XIV
DOOR OF THE CAPILLA DE LOS VARGAS
(Madrid)

In the Peninsula, the principal centres of this work were Cordova, Seville, Lerida, Barcelona, Ciudad Real, and Valladolid. Cordova, however, was so far ahead of all the rest that leathers decorated in this style were known throughout the world as cueros de Córdoba, or “Cordova leathers.” Another name for them is said to have been cordobanes; but possibly the application of this latter word was less restricted. Bertaut de Rouen wrote in the seventeenth century of Ciudad Real:—“C'est une ville située dans une grande plaine, et dont l'enceinte est assez grande, qui estoit mesme fort peuplée autrefois, mais elle est quasi deserte à present. Il ne luy reste plus rien sinon que c'est là où l'on appreste le mieux les peaux de Cordouan, dont on fait les gans d'Espagne. C'est delà aussi d'où elles viennent pour la pluspart à Madrid. J'en achetay quelques-unes.”

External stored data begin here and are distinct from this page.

(* For every $k\in\mathbb{N}$, $$L_{\mathbb{R},4k}\ge\left[\sum_{j=0}^{2k}\binom{4k}{2j}\left|\frac{B_j}{\binom{4k}{2j}}\right|^{\frac{8k}{4k+1}}\right]^{\frac{4k+1}{8k}},$$ where $$B_j=\sum_{\ell=0}^{\lfloor j/2\rfloor}\frac{k!\,(-3)^{j-2\ell}}{\ell!\,(j-2\ell)!\,(k-j+\ell)!},\qquad j=0,\dots,2k$$ (terms with $k-j+\ell<0$ being $0$); the $B_j$ are the coefficients of $x^{2j}y^{4k-2j}$ in $(x^4+y^4-3x^2y^2)^k$.
   Context: All spaces are real. $\check P$ is the polar of an $m$-homogeneous polynomial $P$ (the unique symmetric $m$-linear form with $\check P(x,\dots,x)=P(x)$). For $x_1,\dots,x_N$ in a Banach space $X$, $\|(x_j)\|_{w,1}=\sup\{\sum_j|\varphi(x_j)|:\varphi\in X',\|\varphi\|\le1\}$. $L_{\mathbb{R},m}$ is the smallest constant $L$ such that for every real Banach space $X$, every continuous $m$-homogeneous $P:X\to\mathbb{R}$, every $N$ and all $x^{(k)}_j\in X$: $\big(\sum_{j_1,\dots,j_m=1}^N|\check P(x^{(1)}_{j_1},\dots,x^{(m)}_{j_m})|^{\frac{2m}{m+1}}\big)^{\frac{m+1}{2m}}\le L\|P\|\prod_{k=1}^m\|(x^{(k)}_j)_{j=1}^N\|_{w,1}$. $\lfloor h\rfloor$ is the integer part. *)

theory Defs
  imports "HOL-Analysis.Analysis"
begin

lemma nat_real_dist_lt1: "\<bar>real (a::nat) - real b\<bar> < 1 \<Longrightarrow> a = b"
proof (rule ccontr)
  assume h: "\<bar>real a - real b\<bar> < 1" "a \<noteq> b"
  then have "a + 1 \<le> b \<or> b + 1 \<le> a" by arith
  then have "real a + 1 \<le> real b \<or> real b + 1 \<le> real a"
    by (metis of_nat_1 of_nat_add of_nat_le_iff)
  then show False using h(1) by linarith
qed

text \<open>The usual (discrete) metric on nat, so that nat =>C real is the space
  l-infinity of bounded real sequences.\<close>
instantiation nat :: metric_space
begin
definition dist_nat :: "nat \<Rightarrow> nat \<Rightarrow> real" where
  "dist_nat m n = \<bar>real m - real n\<bar>"
definition uniformity_nat :: "(nat \<times> nat) filter" where
  "uniformity_nat = (INF e\<in>{0 <..}. principal {(x, y). dist x y < e})"
instance
proof
  fix U :: "nat set"
  have "eventually (\<lambda>(x', y). x' = x \<longrightarrow> y \<in> U) (uniformity::(nat\<times>nat) filter)"
    if "x \<in> U" for x
  proof -
    have "eventually (\<lambda>(a, b). dist a b < (1::real)) (uniformity::(nat\<times>nat) filter)"
      unfolding uniformity_nat_def
      by (rule eventually_INF1[of 1]) (auto simp: eventually_principal)
    then show ?thesis
      by (rule eventually_mono) (use that nat_real_dist_lt1 in \<open>fastforce simp: dist_nat_def\<close>)
  qed
  then show "open U \<longleftrightarrow> (\<forall>x\<in>U. eventually (\<lambda>(x', y). x' = x \<longrightarrow> y \<in> U) uniformity)"
    by (simp add: open_discrete)
qed (auto simp: dist_nat_def uniformity_nat_def)
end

instance bcontfun :: (metric_space, banach) banach ..

text \<open>An m-linear form on a real vector space: a function of an argument tuple
  (indexed by 0..<m, represented as nat => 'a), linear in each argument and
  independent of the coordinates >= m.\<close>
definition mlinear :: "nat \<Rightarrow> ((nat \<Rightarrow> 'a::real_vector) \<Rightarrow> real) \<Rightarrow> bool" where
  "mlinear m A \<longleftrightarrow>
     (\<forall>v w. (\<forall>i<m. v i = w i) \<longrightarrow> A v = A w) \<and>
     (\<forall>i<m. \<forall>v. linear (\<lambda>y. A (v(i := y))))"

definition sym_mlinear :: "nat \<Rightarrow> ((nat \<Rightarrow> 'a::real_vector) \<Rightarrow> real) \<Rightarrow> bool" where
  "sym_mlinear m A \<longleftrightarrow> mlinear m A \<and>
     (\<forall>\<sigma> v. \<sigma> permutes {..<m} \<longrightarrow> A (v \<circ> \<sigma>) = A v)"

definition homog_poly :: "nat \<Rightarrow> ('a::real_vector \<Rightarrow> real) \<Rightarrow> bool" where
  "homog_poly m P \<longleftrightarrow> (\<exists>A. mlinear m A \<and> (\<forall>x. P x = A (\<lambda>_. x)))"

definition polar :: "nat \<Rightarrow> ('a::real_vector \<Rightarrow> real) \<Rightarrow> (nat \<Rightarrow> 'a) \<Rightarrow> real" where
  "polar m P = (THE A. sym_mlinear m A \<and> (\<forall>x. A (\<lambda>_. x) = P x))"

definition poly_norm :: "('a::real_normed_vector \<Rightarrow> real) \<Rightarrow> real" where
  "poly_norm P = Sup {\<bar>P x\<bar> | x. norm x \<le> 1}"

definition weak1_norm :: "nat \<Rightarrow> (nat \<Rightarrow> 'a::real_normed_vector) \<Rightarrow> real" where
  "weak1_norm N x = Sup {(\<Sum>j<N. \<bar>\<phi> (x j)\<bar>) | \<phi>::'a \<Rightarrow> real. bounded_linear \<phi> \<and> onorm \<phi> \<le> 1}"

definition BH_holds :: "'a::banach itself \<Rightarrow> nat \<Rightarrow> real \<Rightarrow> bool" where
  "BH_holds (_::'a itself) m L \<longleftrightarrow>
     (\<forall>(P::'a \<Rightarrow> real) N (x::nat \<Rightarrow> nat \<Rightarrow> 'a).
        homog_poly m P \<and> continuous_on UNIV P \<longrightarrow>
        (\<Sum>j\<in>PiE {..<m} (\<lambda>_. {..<N}).
            \<bar>polar m P (\<lambda>i. x i (j i))\<bar> powr (2 * real m / (real m + 1)))
          powr ((real m + 1) / (2 * real m))
        \<le> L * poly_norm P * (\<Prod>i<m. weak1_norm N (x i)))"

definition Bcoef :: "nat \<Rightarrow> nat \<Rightarrow> real" where
  "Bcoef k j = (\<Sum>l\<le>j div 2.
      if j \<le> k + l
      then fact k * (-3) ^ (j - 2 * l) / (fact l * fact (j - 2 * l) * fact (k + l - j))
      else 0)"

end

theory Submission
  imports Defs "HOL-Computational_Algebra.Polynomial"
begin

In 1197 Alfonso the Ninth presented the town of Castro de los Judíos to León Cathedral and its bishop, confirming at the same time the tribute which the Jews who occupied that town were bound to render upon Saint Martin's day in every year, and which consisted of two hundred sueldos, a fine skin, and two guadamecís. This tribute had existed since the reign of Ferdinand the First: that is, towards the middle of the preceding century.[25]

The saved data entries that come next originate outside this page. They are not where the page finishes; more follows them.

(* For any $A\subset\Omega$, if $\phi\in F_A$ then $\phi_\pi\in F_A$.
   Context: Let $\mathcal H$ be a complex Hilbert space. A projection is a bounded self-adjoint idempotent operator; $\wedge_\alpha p_\alpha$ is the projection onto the intersection of ranges. Let $S$ be a set; for each $t\in S$ let $\Gamma(t)$ be a countable set and for $a\in\Gamma(t)$ let $p^t_a$ be a projection on $\mathcal H$ with $\sum_{a\in\Gamma(t)}p^t_a=I$ (strong convergence). Let $\pi=\{p^t_a\}$ and $p^{t_1,\dots,t_k}_{a_1,\dots,a_k}=\wedge_{i=1}^kp^{t_i}_{a_i}$. $\pi$ commutes on $\phi$ if $W\phi=V\phi$ whenever $W,V$ are finite products of elements of $\pi$ with the same factors (with multiplicity) in possibly different orders; $\mathcal H_\pi$ is the closed subspace of such $\phi$, $p_\pi$ its projection, $\phi_\pi=p_\pi\phi$. Let $\Omega=\prod_{t\in S}\Gamma(t)$. For $A\subset\Omega$, $F_A=\{\phi\in\mathcal H:$ for every $\omega\in A$ there are $t_1,\dots,t_k\in S$ with $p^{t_1,\dots,t_k}_{\omega_{t_1},\dots,\omega_{t_k}}\phi=0\}$. *)

theory Defs
  imports "HOL-Analysis.Analysis" "HOL-Library.Multiset"
begin

class complex_vector = real_vector +
  fixes scaleC :: "complex \<Rightarrow> 'a \<Rightarrow> 'a" (infixr "*\<^sub>C" 75)
  assumes scaleC_add_right: "a *\<^sub>C (x + y) = a *\<^sub>C x + a *\<^sub>C y"
    and scaleC_add_left: "(a + b) *\<^sub>C x = a *\<^sub>C x + b *\<^sub>C x"
    and scaleC_scaleC: "a *\<^sub>C (b *\<^sub>C x) = (a * b) *\<^sub>C x"
    and scaleC_one: "1 *\<^sub>C x = x"
    and scaleR_scaleC: "scaleR r x = complex_of_real r *\<^sub>C x"

class complex_normed_vector = complex_vector + real_normed_vector +
  assumes norm_scaleC: "norm (a *\<^sub>C x) = cmod a * norm x"

class complex_inner = complex_normed_vector +
  fixes cinner :: "'a \<Rightarrow> 'a \<Rightarrow> complex"
  assumes cinner_add_left: "cinner (x + y) z = cinner x z + cinner y z"
    and cinner_scaleC_left: "cinner (a *\<^sub>C x) y = cnj a * cinner x y"
    and cinner_commute: "cinner x y = cnj (cinner y x)"
    and cinner_self_norm: "cinner x x = complex_of_real ((norm x)\<^sup>2)"

class chilbert_space = complex_inner + complete_space

definition bounded_clinear :: "('a::complex_normed_vector \<Rightarrow> 'b::complex_normed_vector) \<Rightarrow> bool" where
  "bounded_clinear f \<longleftrightarrow> bounded_linear f \<and> (\<forall>c x. f (c *\<^sub>C x) = c *\<^sub>C f x)"

definition is_projection :: "('h::chilbert_space \<Rightarrow> 'h) \<Rightarrow> bool" where
  "is_projection P \<longleftrightarrow> bounded_clinear P \<and> P \<circ> P = P \<and>
     (\<forall>x y. cinner (P x) y = cinner x (P y))"

definition proj_onto :: "'h::chilbert_space set \<Rightarrow> ('h \<Rightarrow> 'h)" where
  "proj_onto M = (THE P. is_projection P \<and> range P = M)"

definition proj_meet :: "('h::chilbert_space \<Rightarrow> 'h) set \<Rightarrow> ('h \<Rightarrow> 'h)" where
  "proj_meet Ps = proj_onto (\<Inter>P\<in>Ps. range P)"

definition op_prod :: "('h \<Rightarrow> 'h) list \<Rightarrow> ('h \<Rightarrow> 'h)" where
  "op_prod ws = foldr (\<circ>) ws id"

definition commutes_on :: "('h \<Rightarrow> 'h) set \<Rightarrow> 'h \<Rightarrow> bool" where
  "commutes_on Pis \<phi> \<longleftrightarrow> (\<forall>ws vs. set ws \<subseteq> Pis \<longrightarrow> set vs \<subseteq> Pis \<longrightarrow> mset ws = mset vs
       \<longrightarrow> op_prod ws \<phi> = op_prod vs \<phi>)"

definition H_pi :: "('h \<Rightarrow> 'h) set \<Rightarrow> 'h set" where
  "H_pi Pis = {\<phi>. commutes_on Pis \<phi>}"

definition p_pi :: "('h::chilbert_space \<Rightarrow> 'h) set \<Rightarrow> ('h \<Rightarrow> 'h)" where
  "p_pi Pis = proj_onto (H_pi Pis)"

definition pi_family :: "'t set \<Rightarrow> ('t \<Rightarrow> 'a set) \<Rightarrow> ('t \<Rightarrow> 'a \<Rightarrow> 'h \<Rightarrow> 'h) \<Rightarrow> ('h \<Rightarrow> 'h) set" where
  "pi_family S \<Gamma> p = {p t a | t a. t \<in> S \<and> a \<in> \<Gamma> t}"

definition Omega :: "'t set \<Rightarrow> ('t \<Rightarrow> 'a set) \<Rightarrow> ('t \<Rightarrow> 'a) set" where
  "Omega S \<Gamma> = PiE S \<Gamma>"

definition F_set :: "'t set \<Rightarrow> ('t \<Rightarrow> 'a \<Rightarrow> 'h::chilbert_space \<Rightarrow> 'h) \<Rightarrow> ('t \<Rightarrow> 'a) set \<Rightarrow> 'h set" where
  "F_set S p A = {\<phi>. \<forall>\<omega>\<in>A. \<exists>ts. ts \<noteq> [] \<and> set ts \<subseteq> S \<and>
       proj_meet ((\<lambda>t. p t (\<omega> t)) ` set ts) \<phi> = 0}"

end

theory Submission imports Defs begin

(* The commutation subspace H_pi is closed, being an intersection of equalisers of bounded
   operators, and it is invariant under every q in pi: append q to both words.  A closed
   subspace invariant under a self-adjoint operator reduces it, so p_pi commutes with every
   q in pi.  Hence p_pi maps the range of a meet Q of elements of pi into itself, so it
   commutes with Q as well, and Q phi = 0 gives Q (p_pi phi) = p_pi (Q phi) = 0.
   The orthogonal projections involved exist by the projection theorem: a minimizing
   sequence for the distance to a closed subspace is Cauchy by the parallelogram law. *)

lemma cinner_zero_left [simp]: "cinner 0 (y::'a::complex_inner) = 0"
  using cinner_add_left[of 0 0 y] by simp

lemma cinner_zero_right [simp]: "cinner (y::'a::complex_inner) 0 = 0"
  using cinner_commute[of y 0] by simp

lemma cinner_add_right: "cinner (x::'a::complex_inner) (y + z) = cinner x y + cinner x z"
  using cinner_commute[of x "y + z"] cinner_commute[of x y] cinner_commute[of x z]
  by (simp add: cinner_add_left)

lemma cinner_scaleC_right: "cinner (x::'a::complex_inner) (a *\<^sub>C y) = a * cinner x y"
  using cinner_commute[of x "a *\<^sub>C y"] cinner_commute[of x y]
  by (simp add: cinner_scaleC_left)

lemma cinner_minus_left: "cinner (- x) (y::'a::complex_inner) = - cinner x y"
  using cinner_add_left[of "-x" x y] by (simp add: eq_neg_iff_add_eq_0)

lemma cinner_diff_left: "cinner (x - y) (z::'a::complex_inner) = cinner x z - cinner y z"
  using cinner_add_left[of x "-y" z] by (simp add: cinner_minus_left)

lemma cinner_diff_right: "cinner (z::'a::complex_inner) (x - y) = cinner z x - cinner z y"
  using cinner_commute[of z "x - y"] cinner_commute[of z x] cinner_commute[of z y]
  by (simp add: cinner_diff_left)

lemma power2_norm_eq_cinner: "(norm (x::'a::complex_inner))\<^sup>2 = Re (cinner x x)"
  by (simp add: cinner_self_norm)

lemma cinner_self_eq_zero: "cinner x x = 0 \<longleftrightarrow> (x::'a::complex_inner) = 0"
  by (simp add: cinner_self_norm)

None of these primitive leathers now exist, and consequently the details of their workmanship have perished with them. Ramírez de Arellano mentions two small coffers in the Cluny Museum, which date from about the fourteenth century and are decorated with the forms of animals cut from leather and overlaid on velvet. Other guadamecís, though not of the oldest, are in the South Kensington Museum. “The earliest guadamecileros,” says Ramírez de Arellano, speaking particularly of this art at Cordova, “were accustomed to imitate brocade upon their leathers, employing beaten silver together with the colours red, green, blue, black, white, and carmine, applied in oils, or sometimes (although the law prohibited this) in tempera. Gold was not used till 1529, when Charles the Fifth confirmed the Ordinances of this industry. The leather-workers tanned the hides themselves, stamping the pattern from a wooden mould, and then (if we may call it so) engraving on them. The hides were those of rams. The spaces between the decoration were either coloured red or blue, or simply left the colour of the skin; or else the pattern would be wrought in colours on the natural hide. Gold, which at a later epoch almost totally replaces silver, was introduced between 1529 and 1543, and was applied as follows. The artists smeared with oil the parts they wished to figure in raised or sunk relief, and laid the beaten gold upon the oil. They then applied a heated iron or copper mould; the pattern in relief was stamped; and the gold, superfluous shreds of which were wiped away with lint, adhered upon the leather. The irons required to be moderately hot, because if overheated they would burn the hide, or, if not hot enough, the fixing of the gold would not be permanent.”

XV
MUDEJAR DOOR
(Palacio de las Dueñas, Seville)

The importance of this industry in Spain may be judged of from the fact that towards the close of the Middle Ages the guadamacileros of Seville occupied nearly the whole of an important street—the Calle Placentines. Similarly, at Cordova they filled the quarter of the city known as the Ajerquía. “So many guadamecíes are made here,” wrote Ambrosio de Morales, “that in this craft no other capital can compare with her; and in such quantities that they supply all Europe and the Indies. This industry enriches Cordova and also beautifies her; for since the gilded, wrought, and painted leathers are fixed upon large boards and placed in the sun in order to be dried, by reason of their splendour and variety they make her principal streets right fair to look upon.”